For each line in the data below that holds "with", return a copy.
Segment Open
lemma span_over_eq_image:
  "span_over F u k = (\<lambda>t. lin_comb t u k) ` PiE {..<k} (\<lambda>_. F)"
proof
  show "span_over F u k \<subseteq> (\<lambda>t. lin_comb t u k) ` PiE {..<k} (\<lambda>_. F)"
  proof
    fix x
    assume "x \<in> span_over F u k"
    then obtain t where t: "\<forall>i<k. t i \<in> F" and x: "x = lin_comb t u k"
      unfolding span_over_def by blast
    have "x = lin_comb (restrict t {..<k}) u k"
      unfolding x by (rule lin_comb_cong) simp_all
    moreover have "restrict t {..<k} \<in> PiE {..<k} (\<lambda>_. F)"
      using t by simp
    ultimately show "x \<in> (\<lambda>t. lin_comb t u k) ` PiE {..<k} (\<lambda>_. F)"
      by blast
  qed
qed (auto simp: span_over_def PiE_def Pi_def)

lemma card_span_over:
  assumes "is_subfield F" and "independent_over F u k"
  shows "card (span_over F u k) = card F ^ k"
proof -
  have "inj_on (\<lambda>t. lin_comb t u k) (PiE {..<k} (\<lambda>_. F))"
  proof (rule inj_onI)
    fix t t'
    assume t: "t \<in> PiE {..<k} (\<lambda>_. F)" and t': "t' \<in> PiE {..<k} (\<lambda>_. F)"
      and eq: "lin_comb t u k = lin_comb t' u k"
    have "lin_comb (\<lambda>i. t i - t' i) u k = (\<lambda>j. 0)"
      unfolding lin_comb_diff eq by simp
    moreover have "\<forall>i<k. t i - t' i \<in> F"
      using t t' assms(1) by (auto intro: is_subfield_diff)
    ultimately have "\<forall>i<k. t i - t' i = 0"
      using independent_overD[OF assms(2), of "\<lambda>i. t i - t' i"] by blast
    then show "t = t'"
      using PiE_ext[OF t t'] by simp
  qed
  then show ?thesis
    unfolding span_over_eq_image by (simp add: card_image card_PiE)
qed

lemma span_over_extend:
  assumes "is_subfield F"
  shows "insert w (span_over F u k) \<subseteq> span_over F (u(k := w)) (Suc k)"
proof (rule subsetI)
  fix x
  assume "x \<in> insert w (span_over F u k)"
  then consider "x = w" | t where "\<forall>i<k. t i \<in> F" "x = lin_comb t u k"
    unfolding span_over_def by blast
  then show "x \<in> span_over F (u(k := w)) (Suc k)"
  proof cases
    case 1
    let ?e = "\<lambda>i. if i = k then 1 else 0"
    have "lin_comb ?e (u(k := w)) (Suc k) = x"
      unfolding lin_comb_Suc 1 by (simp add: lin_comb_def)
    moreover have "\<forall>i<Suc k. ?e i \<in> F"
      using assms by (simp add: is_subfield_zero is_subfield_one)
    ultimately show ?thesis
      unfolding span_over_def by blast
  next
    case 2
    have "lin_comb (t(k := 0)) (u(k := w)) k = lin_comb t u k"
      by (rule lin_comb_cong) simp_all
    then have "lin_comb (t(k := 0)) (u(k := w)) (Suc k) = x"
      unfolding lin_comb_Suc 2(2) by simp
    moreover have "\<forall>i<Suc k. (t(k := 0)) i \<in> F"
      using 2(1) assms by (simp add: is_subfield_zero less_Suc_eq)
    ultimately show ?thesis
      unfolding span_over_def by blast
  qed
qed

lemma independent_over_extend:
  assumes F: "is_subfield F" and ind: "independent_over F u k" and w: "w \<notin> span_over F u k"
  shows "independent_over F (u(k := w)) (Suc k)"
  unfolding independent_over_def
proof (rule allI, rule impI)
  fix t
  assume "(\<forall>i<Suc k. t i \<in> F) \<and> lin_comb t (u(k := w)) (Suc k) = (\<lambda>j. 0)"
  then have tF: "\<forall>i<Suc k. t i \<in> F" and zero: "lin_comb t u k j + t k * w j = 0" for j
    by (auto simp: lin_comb_Suc lin_comb_cong[of k t t "u(k := w)" u] dest: fun_cong)
  have tk: "t k = 0"
  proof (rule ccontr)
    assume nz: "t k \<noteq> 0"
    have "w = lin_comb (\<lambda>i. - t i * inverse (t k)) u k"
    proof
      fix j
      have "w j = - lin_comb t u k j * inverse (t k)"
        using zero[of j] nz by (simp add: field_simps eq_neg_iff_add_eq_0)
      then show "w j = lin_comb (\<lambda>i. - t i * inverse (t k)) u k j"
        by (simp add: lin_comb_def sum_distrib_left sum_negf mult_ac)
    qed
    moreover have "\<forall>i<k. - t i * inverse (t k) \<in> F"
      using tF F by (auto intro!: is_subfield_mult is_subfield_uminus is_subfield_inverse)
    ultimately show False
      using w unfolding span_over_def by blast
  qed
  then have "lin_comb t u k = (\<lambda>j. 0)"
    using zero by auto
  then have "\<forall>i<k. t i = 0"
    using independent_overD[OF ind] tF by simp
  with tk show "\<forall>i<Suc k. t i = 0"
    by (simp add: less_Suc_eq)
qed

lemma subspace_over_has_basis:
  assumes F: "is_subfield F" and fin: "finite W" and W: "subspace_over F W"
  shows "\<exists>k u. independent_over F u k \<and> span_over F u k = W \<and> (\<forall>i<k. u i \<in> W)"
proof -
  \<comment> \<open>grow an independent family inside W; card W - card (span) decreases\<close>
  have "\<exists>k u. independent_over F u k \<and> span_over F u k = W \<and> (\<forall>i<k. u i \<in> W)"
    if "independent_over F u k" "\<forall>i<k. u i \<in> W" "card W - card (span_over F u k) = n" for n k u
    using that
  proof (induction n arbitrary: k u rule: less_induct)
    case (less n k u)
    show ?case
    proof (cases "span_over F u k = W")
      case True
      then show ?thesis
        using less.prems by blast
    next
      case False
      with span_over_subset_subspace_over[OF W less.prems(2)]
      obtain w where "w \<in> W" and w: "w \<notin> span_over F u k"
        by blast
      then have uW: "\<forall>i<Suc k. (u(k := w)) i \<in> W"
        using less.prems(2) by (simp add: less_Suc_eq)
      have sub: "span_over F (u(k := w)) (Suc k) \<subseteq> W"
        using span_over_subset_subspace_over[OF W uW] .
      have "span_over F u k \<subset> span_over F (u(k := w)) (Suc k)"
        using span_over_extend[OF F, of w u k] w by blast
      then have "card (span_over F u k) < card (span_over F (u(k := w)) (Suc k))"
        using finite_subset[OF sub fin] by (rule psubset_card_mono[rotated])
      moreover have "card (span_over F (u(k := w)) (Suc k)) \<le> card W"
        using card_mono[OF fin sub] .
      ultimately have "card W - card (span_over F (u(k := w)) (Suc k)) < n"
        using less.prems(3) by linarith
      then show ?thesis
        using less.IH independent_over_extend[OF F less.prems(1) w] uW by blast
    qed
  qed
  moreover have "independent_over F (\<lambda>_ _. 0) 0"
    by (simp add: independent_over_def)
  ultimately show ?thesis
    by fastforce
qed

subsection \<open>The affine space\<close>

lemma AGpts_eq_image:
  "AGpts F d = (\<lambda>f j. if j < d then f j else 0) ` PiE {..<d} (\<lambda>_. F)"
proof
  show "AGpts F d \<subseteq> (\<lambda>f j. if j < d then f j else 0) ` PiE {..<d} (\<lambda>_. F)"
  proof
    fix v
    assume v: "v \<in> AGpts F d"
    then have "v = (\<lambda>j. if j < d then restrict v {..<d} j else 0)"
      by (auto simp: AGpts_def)
    moreover have "restrict v {..<d} \<in> PiE {..<d} (\<lambda>_. F)"
      using v by (auto simp: AGpts_def)
    ultimately show "v \<in> (\<lambda>f j. if j < d then f j else 0) ` PiE {..<d} (\<lambda>_. F)"
      by blast
  qed
qed (auto simp: AGpts_def PiE_def Pi_def)

lemma finite_AGpts: "finite F \<Longrightarrow> finite (AGpts F d)"
  unfolding AGpts_eq_image by (simp add: finite_PiE)

lemma card_AGpts:
  assumes "finite F"
  shows "card (AGpts F d) = card F ^ d"
proof -
  have "inj_on (\<lambda>f j. if j < d then f j else 0) (PiE {..<d} (\<lambda>_. F))"
  proof (rule inj_onI)
    fix f g
    assume f: "f \<in> PiE {..<d} (\<lambda>_. F)" and g: "g \<in> PiE {..<d} (\<lambda>_. F)"
      and eq: "(\<lambda>j. if j < d then f j else 0) = (\<lambda>j. if j < d then g j else 0)"
    show "f = g"
      using PiE_ext[OF f g] fun_cong[OF eq] by (metis lessThan_iff)
  qed
  then show ?thesis
    using assms unfolding AGpts_eq_image by (simp add: card_image card_PiE)
qed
Segment Closed
## Solution to the exercise
  with tk show "\<forall>i<Suc k. t i = 0"
      with span_over_subset_subspace_over[OF W less.prems(2)]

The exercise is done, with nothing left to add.